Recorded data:

lemma irreducible_intertwiner_invertible:
  assumes \<rho>: "irreducible_rep G n \<rho>" and \<sigma>: "irreducible_rep G n' \<sigma>"
    and T: "T \<in> carrier_mat n n'" and int: "intertwiner G \<rho> \<sigma> T" and nz: "T \<noteq> 0\<^sub>m n n'"
  shows "n' = n" and "det T \<noteq> 0"
proof -
  note reps = irreducible_rep_is_rep[OF \<rho>] irreducible_rep_is_rep[OF \<sigma>]
  obtain l where l: "l < n'" and Tl: "T *\<^sub>v unit_vec n' l \<noteq> 0\<^sub>v n"
    using nonzero_mat_nonzero_column[OF T nz] by blast
  have "unit_vec n' l \<notin> {v \<in> carrier_vec n'. T *\<^sub>v v = 0\<^sub>v n}" using Tl by blast
  then have "{v \<in> carrier_vec n'. T *\<^sub>v v = 0\<^sub>v n} = {0\<^sub>v n'}"
    using irreducible_repD[OF \<sigma> intertwiner_kernel_invariant[OF reps T int]] unit_vec_carrier
    by blast
  then have inj: "v = 0\<^sub>v n'" if "v \<in> carrier_vec n'" "T *\<^sub>v v = 0\<^sub>v n" for v
    using that by blast
  have "T *\<^sub>v unit_vec n' l \<in> (*\<^sub>v) T ` carrier_vec n'" by simp
  then have "(*\<^sub>v) T ` carrier_vec n' = carrier_vec n"
    using irreducible_repD[OF \<rho> intertwiner_image_invariant[OF reps T int]] Tl by blast
  then have "n \<le> n'" by (intro dim_le_if_mat_vec_surj[OF T]) simp
  moreover have "n' \<le> n" by (rule dim_le_if_mat_vec_inj[OF T inj])
  ultimately show n: "n' = n" by simp
  show "det T \<noteq> 0"
    using det_0_iff_vec_prod_zero[of T n] T inj unfolding n by blast
qed

lemma character_eq_if_invertible_intertwiner:
  assumes \<rho>: "is_rep G n \<rho>" and \<sigma>: "is_rep G n \<sigma>"
    and T: "T \<in> carrier_mat n n" "det T \<noteq> 0" and int: "intertwiner G \<rho> \<sigma> T"
  shows "character G \<rho> = character G \<sigma>"
proof
  obtain S where S: "S \<in> carrier_mat n n" "S * T = 1\<^sub>m n" "T * S = 1\<^sub>m n"
    using det_non_zero_imp_unit[OF T, of "()"] unfolding Units_def ring_mat_def by auto
  fix g show "character G \<rho> g = character G \<sigma> g"
  proof (cases "g \<in> carrier G")
    case True
    note \<rho>g = is_rep_carrier[OF \<rho> True] and \<sigma>g = is_rep_carrier[OF \<sigma> True]
    have "\<sigma> g = (S * T) * \<sigma> g" using S \<sigma>g by simp
    also have "\<dots> = S * (T * \<sigma> g)" using S(1) T(1) \<sigma>g by (rule assoc_mult_mat)
    also have "\<dots> = S * (\<rho> g * T)" using int True unfolding intertwiner_def by simp
    finally have "mat_trace (\<sigma> g) = mat_trace (S * (\<rho> g * T))" by simp
    also have "\<dots> = mat_trace ((\<rho> g * T) * S)"
      using S T \<rho>g by (intro mat_trace_mult_comm) auto
    also have "\<dots> = mat_trace (\<rho> g)"
      using S T \<rho>g by (simp add: assoc_mult_mat[of _ n n _ n _ n])
    finally show ?thesis unfolding character_def using True by simp
  qed (simp add: character_def)
qed

lemma irreducible_character_eq_if_intertwiner:
  assumes "irreducible_rep G n \<rho>" "irreducible_rep G n' \<sigma>"
    and "T \<in> carrier_mat n n'" "intertwiner G \<rho> \<sigma> T" "T \<noteq> 0\<^sub>m n n'"
  shows "character G \<rho> = character G \<sigma>"
proof -
  have n: "n' = n" and "det T \<noteq> 0" by (fact irreducible_intertwiner_invertible[OF assms])+
  with assms show ?thesis
    by (intro character_eq_if_invertible_intertwiner[of G n]) (auto intro: irreducible_rep_is_rep)
qed

lemma coefficient_average_intertwiner:
  fixes G (structure)
  assumes G: "group G" and \<rho>: "is_rep G n \<rho>" and \<sigma>: "is_rep G n' \<sigma>" and jk: "j < n" "k < n'"
  shows "intertwiner G \<rho> \<sigma>
           (mat n n' (\<lambda>(i, l). \<Sum>g\<in>carrier G. \<rho> g $$ (i, j) * \<sigma> (inv\<^bsub>G\<^esub> g) $$ (k, l)))"
    (is "intertwiner G \<rho> \<sigma> ?T")
  unfolding intertwiner_def
proof
  interpret group G by (rule G)
  have T: "?T \<in> carrier_mat n n'" by simp
  fix h assume h: "h \<in> carrier G"
  note \<rho>c = is_rep_carrier[OF \<rho>] and \<sigma>c = is_rep_carrier[OF \<sigma>]
  show "\<rho> h * ?T = ?T * \<sigma> h"
  proof (rule eq_matI)
    fix a b assume "a < dim_row (?T * \<sigma> h)" "b < dim_col (?T * \<sigma> h)"
    then have ab: "a < n" "b < n'" using \<sigma>c[OF h] by auto
    have "(\<rho> h * ?T) $$ (a, b)
        = (\<Sum>m<n. \<rho> h $$ (a, m) * (\<Sum>g\<in>carrier G. \<rho> g $$ (m, j) * \<sigma> (inv g) $$ (k, b)))"
      using ab by (simp add: index_mult_mat_sum[OF \<rho>c[OF h] T ab] del: index_mult_mat(1))
    also have "\<dots> = (\<Sum>g\<in>carrier G. (\<Sum>m<n. \<rho> h $$ (a, m) * \<rho> g $$ (m, j)) * \<sigma> (inv g) $$ (k, b))"
      by (simp add: sum_distrib_left sum_distrib_right mult_ac) (rule sum.swap)
    also have "\<dots> = (\<Sum>g\<in>carrier G. \<rho> (h \<otimes> g) $$ (a, j) * \<sigma> (inv g) $$ (k, b))"
      using h ab jk
      by (intro sum.cong) (simp_all add: is_rep_mult[OF \<rho>] index_mult_mat_sum[OF \<rho>c \<rho>c] del: index_mult_mat(1))
    also have "\<dots> = (\<Sum>g\<in>carrier G. \<rho> g $$ (a, j) * \<sigma> (inv g \<otimes> h) $$ (k, b))"
      by (rule sum.reindex_bij_witness[of _ "\<lambda>g. inv h \<otimes> g" "\<lambda>g. h \<otimes> g"])
         (use h in \<open>auto simp: m_assoc[symmetric] inv_mult_group m_assoc[of _ "inv h" h]\<close>)
    also have "\<dots> = (\<Sum>g\<in>carrier G. \<rho> g $$ (a, j) * (\<Sum>m<n'. \<sigma> (inv g) $$ (k, m) * \<sigma> h $$ (m, b)))"
      using h ab jk
      by (intro sum.cong) (simp_all add: is_rep_mult[OF \<sigma>] index_mult_mat_sum[OF \<sigma>c \<sigma>c] del: index_mult_mat(1))
    also have "\<dots> = (\<Sum>m<n'. (\<Sum>g\<in>carrier G. \<rho> g $$ (a, j) * \<sigma> (inv g) $$ (k, m)) * \<sigma> h $$ (m, b))"
      by (simp add: sum_distrib_left sum_distrib_right mult_ac) (rule sum.swap)
    also have "\<dots> = (?T * \<sigma> h) $$ (a, b)"
      using ab by (simp add: index_mult_mat_sum[OF T \<sigma>c[OF h] ab] del: index_mult_mat(1))
    finally show "(\<rho> h * ?T) $$ (a, b) = (?T * \<sigma> h) $$ (a, b)" .
  qed (use \<rho>c[OF h] \<sigma>c[OF h] in auto)
qed

lemma irreducible_coefficients_orthogonal:
  fixes G (structure)
  assumes G: "group G" and \<rho>: "irreducible_rep G n \<rho>" and \<sigma>: "irreducible_rep G n' \<sigma>"
    and ne: "character G \<rho> \<noteq> character G \<sigma>"
    and ij: "i < n" "j < n" and kl: "k < n'" "l < n'"
  shows "(\<Sum>g\<in>carrier G. \<rho> g $$ (i, j) * \<sigma> (inv\<^bsub>G\<^esub> g) $$ (k, l)) = 0"
proof -
  let ?T = "mat n n' (\<lambda>(i, l). \<Sum>g\<in>carrier G. \<rho> g $$ (i, j) * \<sigma> (inv\<^bsub>G\<^esub> g) $$ (k, l))"
  have "intertwiner G \<rho> \<sigma> ?T"
    using G \<rho> \<sigma> ij kl by (intro coefficient_average_intertwiner irreducible_rep_is_rep)
  then have "?T = 0\<^sub>m n n'"
    using irreducible_character_eq_if_intertwiner[OF \<rho> \<sigma>] ne by fastforce
  then have "?T $$ (i, l) = 0\<^sub>m n n' $$ (i, l)" by simp
  with ij kl show ?thesis by simp
qed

▶ _What is needed_: Having output the line that contains "using Tl by blast", stop. Every line before it, back to the first line of the data, must be reproduced exactly.

▶ _Answer to the problem_:
lemma irreducible_intertwiner_invertible:
  assumes \<rho>: "irreducible_rep G n \<rho>" and \<sigma>: "irreducible_rep G n' \<sigma>"
    and T: "T \<in> carrier_mat n n'" and int: "intertwiner G \<rho> \<sigma> T" and nz: "T \<noteq> 0\<^sub>m n n'"
  shows "n' = n" and "det T \<noteq> 0"
proof -
  note reps = irreducible_rep_is_rep[OF \<rho>] irreducible_rep_is_rep[OF \<sigma>]
  obtain l where l: "l < n'" and Tl: "T *\<^sub>v unit_vec n' l \<noteq> 0\<^sub>v n"
    using nonzero_mat_nonzero_column[OF T nz] by blast
  have "unit_vec n' l \<notin> {v \<in> carrier_vec n'. T *\<^sub>v v = 0\<^sub>v n}" using Tl by blast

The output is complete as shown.